◆ **EXTRACTED INFORMATION**
text \<open>Replacing unit vectors by net points within 1/4 loses at most 3/4 of the supremum \<Gamma> of
  the form over unit vectors, so \<Gamma> \<le> T + 3\<Gamma>/4.\<close>
lemma abs_bil_le_of_net:
  assumes p: "p \<ge> 1" and q: "q \<ge> 1"
    and net_bound: "\<And>y z. y \<in> net p \<Longrightarrow> z \<in> net q \<Longrightarrow> \<bar>bil p q G y z\<bar> \<le> T"
  shows "\<bar>bil p q G x w\<bar> \<le> 4 * T * vnorm p x * vnorm q w"
proof -
  define S where "S = {\<bar>bil p q G x w\<bar> | x w. vnorm p x = 1 \<and> vnorm q w = 1}"
  define \<Gamma> where "\<Gamma> = Sup S"
  have "bdd_above S"
    unfolding S_def by (auto intro!: bdd_aboveI abs_bil_le_sum_abs)
  then have unit: "\<bar>bil p q G x w\<bar> \<le> \<Gamma>" if "vnorm p x = 1" "vnorm q w = 1" for x w
    unfolding \<Gamma>_def by (rule cSup_upper[rotated]) (use that in \<open>auto simp: S_def\<close>)
  note hom = abs_bil_le_homogeneous[of p q G \<Gamma>, OF unit]
  have \<Gamma>_nonneg: "\<Gamma> \<ge> 0"
    using unit[OF vnorm_unit_vector[OF p] vnorm_unit_vector[OF q]] by linarith
  have "\<Gamma> \<le> T + 3/4 * \<Gamma>"
    unfolding \<Gamma>_def
  proof (rule cSup_least)
    show "S \<noteq> {}"
      unfolding S_def using vnorm_unit_vector[OF p] vnorm_unit_vector[OF q] by blast
  next
    fix s assume "s \<in> S"
    then obtain x w where s: "s = \<bar>bil p q G x w\<bar>" and x: "vnorm p x = 1" and w: "vnorm q w = 1"
      by (auto simp: S_def)
    obtain y z where y: "y \<in> net p" "vnorm p (\<lambda>i. x i - y i) \<le> 1/4"
      and z: "z \<in> net q" "vnorm q (\<lambda>i. w i - z i) \<le> 1/4"
      using net_approx[OF p x] net_approx[OF q w] by blast
    have "bil p q G x w = bil p q G y z + bil p q G (\<lambda>i. x i - y i) w + bil p q G y (\<lambda>i. w i - z i)"
      by (simp add: bil_diff_left bil_diff_right)
    moreover have "\<Gamma> * vnorm p (\<lambda>i. x i - y i) * vnorm q w \<le> \<Gamma> * (1/4) * 1"
      using y(2) w \<Gamma>_nonneg by (intro mult_mono mult_left_mono) (auto simp: vnorm_nonneg)
    moreover have "\<Gamma> * vnorm p y * vnorm q (\<lambda>i. w i - z i) \<le> \<Gamma> * 2 * (1/4)"
      using vnorm_net_le[OF y(1)] z(2) \<Gamma>_nonneg by (intro mult_mono mult_left_mono) (auto simp: vnorm_nonneg)
    ultimately show "s \<le> T + 3/4 * Sup S"
      using s net_bound[OF y(1) z(1)] hom[of "\<lambda>i. x i - y i" w] hom[of y "\<lambda>i. w i - z i"] unfolding \<Gamma>_def[symmetric] by linarith
  qed
  then have "\<Gamma> \<le> 4 * T"
    by simp
  then show ?thesis
    using hom[of x w] mult_right_mono[of \<Gamma> "4 * T" "vnorm p x * vnorm q w"]
    by (simp add: vnorm_nonneg mult.assoc)
qed

section \<open>Gaussian tails\<close>

lemma fact_double_div_le: "fact (2 * k) / (2 ^ k * fact k) \<le> (real k) ^ k"
proof -
  have d: "fact k dvd (fact (2 * k) :: nat)" by (intro fact_dvd) simp
  have "(fact (2 * k) :: nat) div fact (2 * k - k) \<le> (2 * k) ^ k" by (rule fact_div_fact_le_pow) simp
  then have "(fact (2 * k) :: nat) div fact k \<le> (2 * k) ^ k" by simp
  then have "(fact (2 * k) :: nat) \<le> fact k * (2 * k) ^ k"
    using d by (metis dvd_mult_div_cancel mult_le_mono2)
  then have "real (fact (2 * k)) \<le> real (fact k * (2 * k) ^ k)" by (simp only: of_nat_le_iff)
  then have f: "(fact (2 * k) :: real) \<le> fact k * (2 * real k) ^ k" by simp
  have "fact (2 * k) / (2 ^ k * fact k) \<le> fact k * (2 * real k) ^ k / (2 ^ k * fact k)"
    using f by (intro divide_right_mono) auto
  also have "\<dots> = (real k) ^ k" by (simp add: power_mult_distrib)
  finally show ?thesis .
qed

text \<open>Markov's inequality for the 2k-th moment s^(2k) (2k)!/(2^k k!) \<le> (s^2 k)^k.\<close>
lemma normal_tail_le:
  assumes P: "prob_space P"
    and X: "distributed P lborel X (\<lambda>x. ennreal (normal_density 0 s x))"
    and s: "s > 0" and T: "T > 0"
  shows "measure P {\<omega>\<in>space P. T \<le> \<bar>X \<omega>\<bar>} \<le> (s\<^sup>2 * real k / T\<^sup>2) ^ k"
proof -
  interpret prob_space P by (rule P)
  have [measurable]: "X \<in> borel_measurable P"
    using distributed_measurable[OF X] by simp
  have moment: "has_bochner_integral lborel (\<lambda>x. normal_density 0 s x * x ^ (2 * k))
      (fact (2 * k) / ((2 / s\<^sup>2) ^ k * fact k))"
    using normal_moment_even[where \<mu>=0 and \<sigma>=s and k=k] s by simp
  have integrable: "integrable P (\<lambda>\<omega>. X \<omega> ^ (2 * k))"
    using distributed_integrable[OF X, of "\<lambda>x. x ^ (2 * k)"] moment
    by (simp add: integrable.intros)
  have expectation: "(\<integral>\<omega>. X \<omega> ^ (2 * k) \<partial>P) = (s\<^sup>2) ^ k * (fact (2 * k) / (2 ^ k * fact k))"
    using distributed_integral[OF X, of "\<lambda>x. x ^ (2 * k)"] has_bochner_integral_integral_eq[OF moment]
    by (simp add: power_mult field_simps)
  have "measure P {\<omega>\<in>space P. T \<le> \<bar>X \<omega>\<bar>} \<le> measure P {\<omega>\<in>space P. X \<omega> ^ (2 * k) \<ge> T ^ (2 * k)}"
  proof (intro finite_measure_mono subsetI)
    fix \<omega> assume "\<omega> \<in> {\<omega>\<in>space P. T \<le> \<bar>X \<omega>\<bar>}"
    then show "\<omega> \<in> {\<omega>\<in>space P. X \<omega> ^ (2 * k) \<ge> T ^ (2 * k)}"
      using power_mono[of T "\<bar>X \<omega>\<bar>" "2 * k"] T by (simp add: power_even_abs)
  qed measurable
  also have "\<dots> \<le> (\<integral>\<omega>. X \<omega> ^ (2 * k) \<partial>P) / T ^ (2 * k)"
    using T by (intro integral_Markov_inequality_measure[OF integrable]) (auto simp: power_mult)
  also have "\<dots> \<le> (s\<^sup>2) ^ k * (real k) ^ k / T ^ (2 * k)"
    unfolding expectation
    using s T by (intro divide_right_mono mult_left_mono fact_double_div_le zero_le_power less_imp_le)
  also have "\<dots> = (s\<^sup>2 * real k / T\<^sup>2) ^ k"
    unfolding power_mult power_divide power_mult_distrib ..
  finally show ?thesis .
qed

lemma distributed_lincomb_std_normal:
  fixes X :: "'i \<Rightarrow> 'w \<Rightarrow> real" and \<phi> :: "'j \<Rightarrow> 'i" and c :: "'j \<Rightarrow> real"
  assumes P: "prob_space P" and J: "finite J" "inj_on \<phi> J" "\<phi> ` J \<subseteq> I"
    and indep: "prob_space.indep_vars P (\<lambda>_. borel) X I"
    and normal: "\<And>i. i \<in> I \<Longrightarrow> distributed P lborel (X i) (\<lambda>x. ennreal (std_normal_density x))"
    and nonzero: "\<exists>j\<in>J. c j \<noteq> 0"
  shows "distributed P lborel (\<lambda>\<omega>. \<Sum>j\<in>J. c j * X (\<phi> j) \<omega>)
           (\<lambda>x. ennreal (normal_density 0 (sqrt (\<Sum>j\<in>J. (c j)\<^sup>2)) x))"
proof -
  interpret prob_space P by (rule P)
  define J' where "J' = {j\<in>J. c j \<noteq> 0}"
  define d where "d i = c (inv_into J' \<phi> i)" for i
  have J': "finite J'" "inj_on \<phi> J'" "\<phi> ` J' \<subseteq> I" "J' \<noteq> {}"
    using J nonzero by (auto simp: J'_def intro: inj_on_subset)
  have d: "d (\<phi> j) = c j" if "j \<in> J'" for j
    using J'(2) that by (simp add: d_def)
  have d_nonzero: "d i \<noteq> 0" if "i \<in> \<phi> ` J'" for i
    using that d by (auto simp: J'_def)
  have "indep_vars (\<lambda>_. borel) (\<lambda>i \<omega>. d i * X i \<omega>) (\<phi> ` J')"
    using indep_vars_subset[OF indep J'(3)] by (rule indep_vars_compose2) simp
  moreover have "distributed P lborel (\<lambda>\<omega>. d i * X i \<omega>) (\<lambda>x. ennreal (normal_density 0 \<bar>d i\<bar> x))"
    if "i \<in> \<phi> ` J'" for i
    using normal_density_affine[OF normal, where \<alpha>="d i" and \<beta>=0] that J'(3) d_nonzero[OF that]
    by auto
  ultimately have "distributed P lborel (\<lambda>\<omega>. \<Sum>i\<in>\<phi> ` J'. d i * X i \<omega>)
      (\<lambda>x. ennreal (normal_density (\<Sum>i\<in>\<phi> ` J'. 0) (sqrt (\<Sum>i\<in>\<phi> ` J'. \<bar>d i\<bar>\<^sup>2)) x))"
    using J' d_nonzero by (intro sum_indep_normal) auto
  moreover have reindex: "(\<Sum>i\<in>\<phi> ` J'. f (d i) i) = (\<Sum>j\<in>J. f (c j) (\<phi> j))"
    if "\<And>i. f 0 i = 0" for f :: "real \<Rightarrow> 'i \<Rightarrow> real"
    using J'(2) that by (simp add: sum.reindex d, intro sum.mono_neutral_left) (auto simp: J J'_def)
  ultimately show ?thesis
    using reindex[of "\<lambda>a i. a * X i _"] reindex[of "\<lambda>a i. a\<^sup>2"] by simp
qed

lemma measure_all_good_ge:
  assumes P: "prob_space P" and I: "finite I"
    and bad_sets: "\<And>i. i \<in> I \<Longrightarrow> {\<omega>\<in>space P. \<not> Q i \<omega>} \<in> sets P"
    and bad_small: "\<And>i. i \<in> I \<Longrightarrow> measure P {\<omega>\<in>space P. \<not> Q i \<omega>} \<le> r"
  shows "\<exists>S\<in>sets P. measure P S \<ge> 1 - real (card I) * r \<and> (\<forall>\<omega>\<in>S. \<forall>i\<in>I. Q i \<omega>)"
proof -
  interpret prob_space P by (rule P)
  define U where "U = (\<Union>i\<in>I. {\<omega>\<in>space P. \<not> Q i \<omega>})"
  have U: "U \<in> sets P"
    using I bad_sets by (auto simp: U_def)
  have "measure P U \<le> (\<Sum>i\<in>I. measure P {\<omega>\<in>space P. \<not> Q i \<omega>})"
    unfolding U_def using I bad_sets by (intro finite_measure_subadditive_finite) auto
  also have "\<dots> \<le> real (card I) * r"
    using sum_mono[OF bad_small] by simp
  finally show ?thesis
    using U prob_compl[OF U] by (intro bexI[of _ "space P - U"]) (auto simp: U_def)
qed

definition noise_const :: "real \<Rightarrow> real" where
  "noise_const \<epsilon> = 16 * sqrt (4 * exp 36 / min \<epsilon> 1)"

text \<open>With k = p + q and threshold T = 4 \<surd>(4 e^36 k / \<epsilon>), each of the at most (4 e^36)^k
  pairs of net points exceeds T with probability at most (\<epsilon> / (4 e^36))^k.\<close>
lemma gaussian_bilinear_form_bound:
  fixes G :: "'w \<Rightarrow> rmat"
  assumes P: "prob_space P" and p: "p \<ge> 1" and q: "q \<ge> 1"
    and gaussian: "\<And>x w. vnorm p x * vnorm q w \<noteq> 0 \<Longrightarrow>
       distributed P lborel (\<lambda>\<omega>. bil p q (G \<omega>) x w)
         (\<lambda>t. ennreal (normal_density 0 (vnorm p x * vnorm q w) t))"
    and \<epsilon>: "\<epsilon> > 0"
  shows "\<exists>S\<in>sets P. measure P S \<ge> 1 - \<epsilon> \<and> (\<forall>\<omega>\<in>S. \<forall>x w.
     \<bar>bil p q (G \<omega>) x w\<bar> \<le> noise_const \<epsilon> * sqrt (real (p + q)) * vnorm p x * vnorm q w)"
proof -
  interpret prob_space P by (rule P)
  define c e k where "c = 4 * exp (36::real)" and "e = min \<epsilon> 1" and "k = p + q"
  define T where "T = 4 * sqrt (c * real k / e)"
  have e: "0 < e" "e \<le> 1" "e \<le> \<epsilon>" and c: "c > 0" and k: "k \<ge> 1"
    using \<epsilon> p by (auto simp: e_def c_def k_def)
  have T: "T > 0" "T\<^sup>2 = 16 * c * real k / e"
    using e c k by (simp_all add: T_def power_mult_distrib)
  define Q where "Q yz \<omega> \<longleftrightarrow> \<bar>bil p q (G \<omega>) (fst yz) (snd yz)\<bar> < T" for yz \<omega>
  have bad: "{\<omega>\<in>space P. \<not> Q yz \<omega>} \<in> sets P \<and> measure P {\<omega>\<in>space P. \<not> Q yz \<omega>} \<le> (e / c) ^ k"
    if "yz \<in> net p \<times> net q" for yz
  proof (cases "vnorm p (fst yz) * vnorm q (snd yz) = 0")
    case True
    then have "{\<omega>\<in>space P. \<not> Q yz \<omega>} = {}"
      using T by (simp add: Q_def bil_eq_0_if_vnorm_eq_0)
    then show ?thesis
      using e c by (simp only:) simp
  next
    case False
    define s where "s = vnorm p (fst yz) * vnorm q (snd yz)"
    note X = gaussian[OF False, folded s_def]
    have "s \<le> 2 * 2"
      using that vnorm_net_le[of "fst yz" p] vnorm_net_le[of "snd yz" q]
      unfolding s_def by (intro mult_mono) (auto simp: vnorm_nonneg)
    then have s: "s > 0" "s \<le> 4"
      using False by (auto simp: s_def less_le vnorm_nonneg)
    have "s\<^sup>2 * real k / T\<^sup>2 \<le> 16 * real k / T\<^sup>2"
      using s power_mono[of s 4 2] by (intro divide_right_mono mult_right_mono) auto
    also have "\<dots> = e / c"
      using T c k by simp
    finally have "(s\<^sup>2 * real k / T\<^sup>2) ^ k \<le> (e / c) ^ k"
      by (intro power_mono) auto
    moreover have "(\<lambda>\<omega>. bil p q (G \<omega>) (fst yz) (snd yz)) \<in> borel_measurable P"
      using distributed_measurable[OF X] by simp
    ultimately show ?thesis
      using normal_tail_le[OF P X s(1) T(1), of k] by (simp add: Q_def not_less)
  qed
  have "real (card (net p \<times> net q)) * (e / c) ^ k \<le> c ^ k * (e / c) ^ k"
  proof (rule mult_right_mono)
    show "real (card (net p \<times> net q)) \<le> c ^ k"
      using card_net[of p, folded c_def] card_net[of q, folded c_def]
      by (auto simp: card_cartesian_product k_def power_add intro: mult_mono)
  qed (use e c in simp)
  also have "\<dots> \<le> \<epsilon>"
    using e c k power_decreasing[of 1 k e] by (simp add: power_divide)
  finally obtain S where S: "S \<in> sets P" "measure P S \<ge> 1 - \<epsilon>"
    and good: "\<And>\<omega> y z. \<omega> \<in> S \<Longrightarrow> y \<in> net p \<Longrightarrow> z \<in> net q \<Longrightarrow> \<bar>bil p q (G \<omega>) y z\<bar> < T"
    using measure_all_good_ge[OF P, of "net p \<times> net q" Q "(e / c) ^ k"] bad finite_net
    by (auto simp: Q_def)
  have "noise_const \<epsilon> * sqrt (real k) = 4 * T"
    by (simp add: noise_const_def T_def c_def e_def real_sqrt_mult real_sqrt_divide)
  then show ?thesis
    using S abs_bil_le_of_net[OF p q less_imp_le[OF good]] by (auto simp: k_def)
qed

◆ **WORK TO BE COMPLETED**
Your task is to restate, word for word, only those lines above that fall between the line holding "using s power_mono[of" and the line holding "finally obtain S", inclusive.

◆ **TASK RESPONSE**
      using s power_mono[of s 4 2] by (intro divide_right_mono mult_right_mono) auto
    also have "\<dots> = e / c"
      using T c k by simp
    finally have "(s\<^sup>2 * real k / T\<^sup>2) ^ k \<le> (e / c) ^ k"
      by (intro power_mono) auto
    moreover have "(\<lambda>\<omega>. bil p q (G \<omega>) (fst yz) (snd yz)) \<in> borel_measurable P"
      using distributed_measurable[OF X] by simp
    ultimately show ?thesis
      using normal_tail_le[OF P X s(1) T(1), of k] by (simp add: Q_def not_less)
  qed
  have "real (card (net p \<times> net q)) * (e / c) ^ k \<le> c ^ k * (e / c) ^ k"
  proof (rule mult_right_mono)
    show "real (card (net p \<times> net q)) \<le> c ^ k"
      using card_net[of p, folded c_def] card_net[of q, folded c_def]
      by (auto simp: card_cartesian_product k_def power_add intro: mult_mono)
  qed (use e c in simp)
  also have "\<dots> \<le> \<epsilon>"
    using e c k power_decreasing[of 1 k e] by (simp add: power_divide)
  finally obtain S where S: "S \<in> sets P" "measure P S \<ge> 1 - \<epsilon>"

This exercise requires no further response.